▶ TASK DESCRIPTION
In the records below, find the line with "(* standing assumption *)" and the line with "< min \<delta>0". Print both exactly, along with every line between them, and no other line.

Saved data entries:
lemma tr_unsuccessful_step_large:
  fixes f :: "real^'n \<Rightarrow> real" and g :: "real^'n \<Rightarrow> real^'n" and H :: "real^'n \<Rightarrow> real^'n^'n"
  assumes sol: "tr_subproblem_solution f g H eps_H y \<delta> s" and \<delta>: "0 < \<delta>"
    and eps_g: "0 < eps_g" and eps_H: "0 < eps_H" and no_stop: "\<not> tr_stop g H eps_g eps_H y"
    and S: "open S" and seg: "closed_segment y (y + s) \<subseteq> S"
    and grad: "\<And>z. z \<in> S \<Longrightarrow> (f has_derivative (\<lambda>h. g z \<bullet> h)) (at z)"
    and hess: "\<And>z. z \<in> S \<Longrightarrow> (g has_derivative (\<lambda>h. H z *v h)) (at z)"
    and L: "0 < L" and LH: "\<And>z w. z \<in> S \<Longrightarrow> w \<in> S \<Longrightarrow> onorm (\<lambda>v. (H z - H w) *v v) \<le> L * norm (z - w)"
    and \<eta>: "\<eta> < 1" and \<rho>: "tr_rho f g H y s < \<eta>"
  shows "3 * (1 - \<eta>) * eps_H / L < norm s"
proof (rule rho_below_eta_imp_step_large[OF _ eps_H L \<eta> tr_subproblem_solution_decrease[OF sol]])
  have "y \<in> S" using seg by auto
  then have "s \<noteq> 0"
    using tr_subproblem_solution_nonzero[OF sol \<delta> eps_g _ no_stop] hessian_symmetric[OF S _ _ grad hess LH] L
    by simp
  then show "0 < norm s" by simp
  show "tr_model f g H y y - tr_model f g H y (y + s) - L / 6 * norm s ^ 3 \<le> f y - f (y + s)"
    using cubic_taylor_upper_bound[OF seg grad hess LH] by simp
  show "(f y - f (y + s)) / (tr_model f g H y y - tr_model f g H y (y + s)) < \<eta>"
    using \<rho> unfolding tr_rho_def .
qed

lemma tr_radius_lower_bound:
  fixes \<delta> \<rho> :: "nat \<Rightarrow> real" and s :: "nat \<Rightarrow> 'a::real_normed_vector"
  assumes K_down: "\<And>k. Suc k \<in> K \<Longrightarrow> k \<in> K"
    and d: "0 < d" "d \<le> \<delta> 0" "d \<le> \<delta>max" and \<gamma>2: "1 \<le> \<gamma>2"
    and succ: "\<And>k. k \<in> K \<Longrightarrow> \<eta> \<le> \<rho> k \<Longrightarrow>
        \<delta> (Suc k) = (if \<psi> * \<delta> k \<le> norm (s k) then min (\<gamma>2 * \<delta> k) \<delta>max else \<delta> k)"
    and unsucc: "\<And>k. k \<in> K \<Longrightarrow> \<rho> k < \<eta> \<Longrightarrow> \<delta> (Suc k) = \<gamma>1 * norm (s k)"
    and large: "\<And>k. k \<in> K \<Longrightarrow> 0 < \<delta> k \<Longrightarrow> \<rho> k < \<eta> \<Longrightarrow> d \<le> \<gamma>1 * norm (s k)"
  shows "k \<in> K \<Longrightarrow> d \<le> \<delta> k"
proof (induction k)
  case 0
  show ?case by (rule d(2))
next
  case (Suc k)
  then have k: "k \<in> K" and IH: "d \<le> \<delta> k" by (auto intro: K_down)
  show ?case
  proof (cases "\<eta> \<le> \<rho> k")
    case True
    have "\<delta> k \<le> \<gamma>2 * \<delta> k" using \<gamma>2 IH d(1) by simp
    then show ?thesis using succ[OF k True] IH d(3) by auto
  next
    case False
    then show ?thesis using unsucc[OF k] large[OF k] IH d(1) by auto
  qed
qed

theorem lemma2p2:
  fixes f :: "real^'n \<Rightarrow> real"
    and g :: "real^'n \<Rightarrow> real^'n"
    and H :: "real^'n \<Rightarrow> real^'n^'n"
    and x s :: "nat \<Rightarrow> real^'n"
    and \<delta> :: "nat \<Rightarrow> real"
    and eps_g eps_H \<gamma>1 \<gamma>2 \<psi> \<delta>0 \<delta>max \<eta> f_low L_g L_H :: real
    and S :: "(real^'n) set"
  assumes eps_g: "eps_g > 0" and eps_H: "eps_H > 0"
    and gamma1: "0 < \<gamma>1" "\<gamma>1 < 1"
    and gamma2: "\<gamma>2 \<ge> 1"
    and psi: "1 / \<gamma>2 < \<psi>" "\<psi> \<le> 1"
    and delta0: "\<delta>0 > 0" "\<delta>max \<ge> \<delta>0" "\<delta> 0 = \<delta>0"
    and eta: "0 < \<eta>" "\<eta> < 1"
    (* the subproblem: s_k is a global solution of the regularized trust-region subproblem *)
    and step: "\<And>k. k \<in> tr_K g H eps_g eps_H x \<Longrightarrow>
        norm (s k) \<le> \<delta> k \<and>
        (\<forall>s'. norm s' \<le> \<delta> k \<longrightarrow>
           tr_model f g H (x k) (x k + s k) + (1/2) * eps_H * (norm (s k))\<^sup>2
             \<le> tr_model f g H (x k) (x k + s') + (1/2) * eps_H * (norm s')\<^sup>2)"
    (* successful iterations *)
    and succ: "\<And>k. k \<in> tr_K g H eps_g eps_H x \<Longrightarrow> tr_rho f g H (x k) (s k) \<ge> \<eta> \<Longrightarrow>
        x (Suc k) = x k + s k \<and>
        \<delta> (Suc k) = (if norm (s k) \<ge> \<psi> * \<delta> k then min (\<gamma>2 * \<delta> k) \<delta>max else \<delta> k)"
    (* unsuccessful iterations *)
    and unsucc: "\<And>k. k \<in> tr_K g H eps_g eps_H x \<Longrightarrow> tr_rho f g H (x k) (s k) < \<eta> \<Longrightarrow>
        x (Suc k) = x k \<and> \<delta> (Suc k) = \<gamma>1 * norm (s k)"
    (* standing assumption *)
    and f_low: "\<And>k. f (x k) \<ge> f_low"
    and S_open: "open S"
    and segs: "\<And>k. k \<in> tr_K g H eps_g eps_H x \<Longrightarrow> closed_segment (x k) (x k + s k) \<subseteq> S"
    and grad: "\<And>y. y \<in> S \<Longrightarrow> (f has_derivative (\<lambda>h. g y \<bullet> h)) (at y)"
    and hess: "\<And>y. y \<in> S \<Longrightarrow> (g has_derivative (\<lambda>h. H y *v h)) (at y)"
    and hess_cont: "continuous_on S H"
    and Lg: "L_g > 0" "\<And>y z. y \<in> S \<Longrightarrow> z \<in> S \<Longrightarrow> norm (g y - g z) \<le> L_g * norm (y - z)"
    and LH: "L_H > 0" "\<And>y z. y \<in> S \<Longrightarrow> z \<in> S \<Longrightarrow>
        onorm (\<lambda>v. (H y - H z) *v v) \<le> L_H * norm (y - z)"
  shows "(\<forall>k \<in> tr_K g H eps_g eps_H x.
            tr_rho f g H (x k) (s k) < \<eta> \<longrightarrow> \<delta> k > 3 * (1 - \<eta>) * eps_H / L_H)
       \<and> 0 < min \<delta>0 (3 * \<gamma>1 * (1 - \<eta>) / L_H * eps_H)
       \<and> (\<forall>k \<in> tr_K g H eps_g eps_H x. \<delta> k \<ge> min \<delta>0 (3 * \<gamma>1 * (1 - \<eta>) / L_H * eps_H))"
proof -
  let ?K = "tr_K g H eps_g eps_H x"
  let ?\<rho> = "\<lambda>k. tr_rho f g H (x k) (s k)"
  define \<delta>min where "\<delta>min = min \<delta>0 (3 * \<gamma>1 * (1 - \<eta>) / L_H * eps_H)"
  have \<delta>min_pos: "0 < \<delta>min"
    using delta0 gamma1 eta LH(1) eps_H by (simp add: \<delta>min_def)
  have large: "3 * (1 - \<eta>) * eps_H / L_H < norm (s k)"
    if k: "k \<in> ?K" and \<delta>: "0 < \<delta> k" and \<rho>: "?\<rho> k < \<eta>" for k
  proof (rule tr_unsuccessful_step_large[OF _ \<delta> eps_g eps_H _ S_open segs[OF k] grad hess LH eta(2) \<rho>])
    show "tr_subproblem_solution f g H eps_H (x k) (\<delta> k) (s k)"
      using step[OF k] unfolding tr_subproblem_solution_def .
    show "\<not> tr_stop g H eps_g eps_H (x k)" using k by (simp add: tr_K_def)
  qed
  have \<delta>min_le_step: "\<delta>min \<le> \<gamma>1 * norm (s k)" if "k \<in> ?K" "0 < \<delta> k" "?\<rho> k < \<eta>" for k
  proof -
    have "\<delta>min \<le> \<gamma>1 * (3 * (1 - \<eta>) * eps_H / L_H)"
      unfolding \<delta>min_def by (rule min.coboundedI2) (simp add: algebra_simps)
    also have "\<dots> \<le> \<gamma>1 * norm (s k)"
      using large[OF that] gamma1 by (intro mult_left_mono) auto
    finally show ?thesis .
  qed
  have lower: "\<delta>min \<le> \<delta> k" if "k \<in> ?K" for k
    by (rule tr_radius_lower_bound[of ?K _ _ \<delta>max \<gamma>2 \<eta> ?\<rho> \<psi> s \<gamma>1,
          OF _ \<delta>min_pos _ _ gamma2 _ _ \<delta>min_le_step that])
      (use delta0 succ unsucc in \<open>auto simp: \<delta>min_def tr_K_def\<close>)
  have "3 * (1 - \<eta>) * eps_H / L_H < \<delta> k" if "k \<in> ?K" "?\<rho> k < \<eta>" for k
    using large[OF that(1) _ that(2)] lower[OF that(1)] \<delta>min_pos step[OF that(1)] by force
  then show ?thesis using lower \<delta>min_pos by (simp add: \<delta>min_def)
qed
(* Let $\alpha,\beta\in[0,1)$ and let $\lambda$ be a zero of $\mathcal D(\beta,\cdot)$. Set $\mathcal H(\alpha,\beta,x)=A(\alpha,\beta,\lambda)-A(\alpha,\beta,x)+64\mathcal D(\beta,x)(1-x)$. Then $\lambda$ is a multiple zero of $\mathcal H(\alpha,\beta,\cdot)$ if and only if $$8(\lambda-1)\Big(1-2\big(\lambda^2-2\lambda(3-\lambda)+\tfrac{45}{16}\big)\Big)=\cos(2\pi\alpha).$$
   Context: $A(\alpha,\beta,\lambda)=16\lambda^2-(32+4\cos2\pi\alpha)\lambda+15+4\cos2\pi\alpha+\cos(2\pi(\alpha+\beta))$; $\mathcal D(\beta,\lambda)=-\lambda^3+3\lambda^2-\frac{45}{16}\lambda+\frac{13}{16}-\frac1{32}\cos(2\pi\beta)$. *)

theory Defs
  imports Complex_Main "HOL-Computational_Algebra.Polynomial"
begin

definition A :: "real \<Rightarrow> real \<Rightarrow> real \<Rightarrow> real" where
  "A \<alpha> \<beta> lam = 16 * lam^2 - (32 + 4 * cos (2*pi*\<alpha>)) * lam + 15 + 4 * cos (2*pi*\<alpha>)
      + cos (2*pi*(\<alpha>+\<beta>))"

definition D :: "real \<Rightarrow> real \<Rightarrow> real" where
  "D \<beta> lam = - (lam^3) + 3 * lam^2 - 45/16 * lam + 13/16 - 1/32 * cos (2*pi*\<beta>)"

definition A_poly :: "real \<Rightarrow> real \<Rightarrow> real poly" where
  "A_poly \<alpha> \<beta> = [: 15 + 4 * cos (2*pi*\<alpha>) + cos (2*pi*(\<alpha>+\<beta>)), - (32 + 4 * cos (2*pi*\<alpha>)), 16 :]"

definition D_poly :: "real \<Rightarrow> real poly" where
  "D_poly \<beta> = [: 13/16 - 1/32 * cos (2*pi*\<beta>), -45/16, 3, -1 :]"

definition H_poly :: "real \<Rightarrow> real \<Rightarrow> real \<Rightarrow> real poly" where
  "H_poly \<alpha> \<beta> lam = [: A \<alpha> \<beta> lam :] - A_poly \<alpha> \<beta> + smult 64 (D_poly \<beta> * [: 1, -1 :])"

lemma poly_A_poly: "poly (A_poly \<alpha> \<beta>) x = A \<alpha> \<beta> x"
  by (simp add: A_poly_def A_def power2_eq_square algebra_simps)

lemma poly_D_poly: "poly (D_poly \<beta>) x = D \<beta> x"
  by (simp add: D_poly_def D_def power2_eq_square power3_eq_cube algebra_simps)

lemma poly_H_poly:
  "poly (H_poly \<alpha> \<beta> lam) x = A \<alpha> \<beta> lam - A \<alpha> \<beta> x + 64 * D \<beta> x * (1 - x)"
  by (simp add: H_poly_def poly_A_poly poly_D_poly algebra_simps)

end

theory Submission
  imports Defs
begin

text \<open>Since \<open>\<lambda>\<close> is a root of \<open>\<H>(\<alpha>,\<beta>,\<cdot>)\<close> (the first two terms cancel and \<open>\<D>(\<beta>,\<lambda>) = 0\<close>),
  it is a multiple root exactly when it is a root of the derivative
  \<open>\<H>' = -A' + 64 (\<D>' (1 - x) - \<D>)\<close>. At \<open>x = \<lambda>\<close> the last term vanishes again, and solving
  \<open>\<H>'(\<lambda>) = 0\<close> for \<open>cos (2\<pi>\<alpha>)\<close> gives the stated identity.\<close>

lemma order_ge_2_iff_poly_pderiv:
  fixes p :: "'a::{idom,semiring_char_0} poly"
  assumes "p \<noteq> 0" and "poly p x = 0"
  shows "2 \<le> order x p \<longleftrightarrow> poly (pderiv p) x = 0"
proof -
  have "pderiv p \<noteq> 0"
  proof
    assume "pderiv p = 0"
    then obtain c where "p = [:c:]" by (metis degree_eq_zeroE pderiv_eq_0_iff)
    with assms show False by simp
  qed
  then have "order x (pderiv p) \<noteq> 0 \<longleftrightarrow> poly (pderiv p) x = 0"
    using order_root by blast
  then show ?thesis
    using order_pderiv[OF assms] by auto
qed

lemma H_poly_nonzero: "H_poly \<alpha> \<beta> lam \<noteq> 0"
proof -
  have "coeff (H_poly \<alpha> \<beta> lam) 4 = 64"
    by (simp add: H_poly_def A_poly_def D_poly_def coeff_mult numeral_eq_Suc)
  then show ?thesis by auto
qed

lemma poly_pderiv_H_poly:
  "poly (pderiv (H_poly \<alpha> \<beta> lam)) x =
     - (32 * x - 32 - 4 * cos (2*pi*\<alpha>)) + 64 * (- 3 * x^2 + 6 * x - 45/16) * (1 - x)
     - 64 * D \<beta> x"
  by (simp add: H_poly_def A_poly_def D_poly_def D_def pderiv_add pderiv_diff pderiv_smult
      pderiv_mult pderiv_pCons algebra_simps power2_eq_square power3_eq_cube)

theorem lemma4p6:
  fixes \<alpha> \<beta> lam :: real
  assumes "0 \<le> \<alpha>" "\<alpha> < 1" "0 \<le> \<beta>" "\<beta> < 1"
    and "D \<beta> lam = 0"
  shows "order lam (H_poly \<alpha> \<beta> lam) \<ge> 2 \<longleftrightarrow>
         8 * (lam - 1) * (1 - 2 * (lam^2 - 2 * lam * (3 - lam) + 45/16)) = cos (2*pi*\<alpha>)"
proof -
  have root: "poly (H_poly \<alpha> \<beta> lam) lam = 0"
    using assms(5) by (simp add: poly_H_poly)
  have "order lam (H_poly \<alpha> \<beta> lam) \<ge> 2 \<longleftrightarrow> poly (pderiv (H_poly \<alpha> \<beta> lam)) lam = 0"
    using order_ge_2_iff_poly_pderiv[OF H_poly_nonzero root] .
  also have "\<dots> \<longleftrightarrow>
      8 * (lam - 1) * (1 - 2 * (lam^2 - 2 * lam * (3 - lam) + 45/16)) = cos (2*pi*\<alpha>)"
    unfolding poly_pderiv_H_poly assms(5) by (simp add: field_simps power2_eq_square) linarith
  finally show ?thesis .
qed

end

▶ SOLUTION
    (* standing assumption *)
    and f_low: "\<And>k. f (x k) \<ge> f_low"
    and S_open: "open S"
    and segs: "\<And>k. k \<in> tr_K g H eps_g eps_H x \<Longrightarrow> closed_segment (x k) (x k + s k) \<subseteq> S"
    and grad: "\<And>y. y \<in> S \<Longrightarrow> (f has_derivative (\<lambda>h. g y \<bullet> h)) (at y)"
    and hess: "\<And>y. y \<in> S \<Longrightarrow> (g has_derivative (\<lambda>h. H y *v h)) (at y)"
    and hess_cont: "continuous_on S H"
    and Lg: "L_g > 0" "\<And>y z. y \<in> S \<Longrightarrow> z \<in> S \<Longrightarrow> norm (g y - g z) \<le> L_g * norm (y - z)"
    and LH: "L_H > 0" "\<And>y z. y \<in> S \<Longrightarrow> z \<in> S \<Longrightarrow>
        onorm (\<lambda>v. (H y - H z) *v v) \<le> L_H * norm (y - z)"
  shows "(\<forall>k \<in> tr_K g H eps_g eps_H x.
            tr_rho f g H (x k) (s k) < \<eta> \<longrightarrow> \<delta> k > 3 * (1 - \<eta>) * eps_H / L_H)
       \<and> 0 < min \<delta>0 (3 * \<gamma>1 * (1 - \<eta>) / L_H * eps_H)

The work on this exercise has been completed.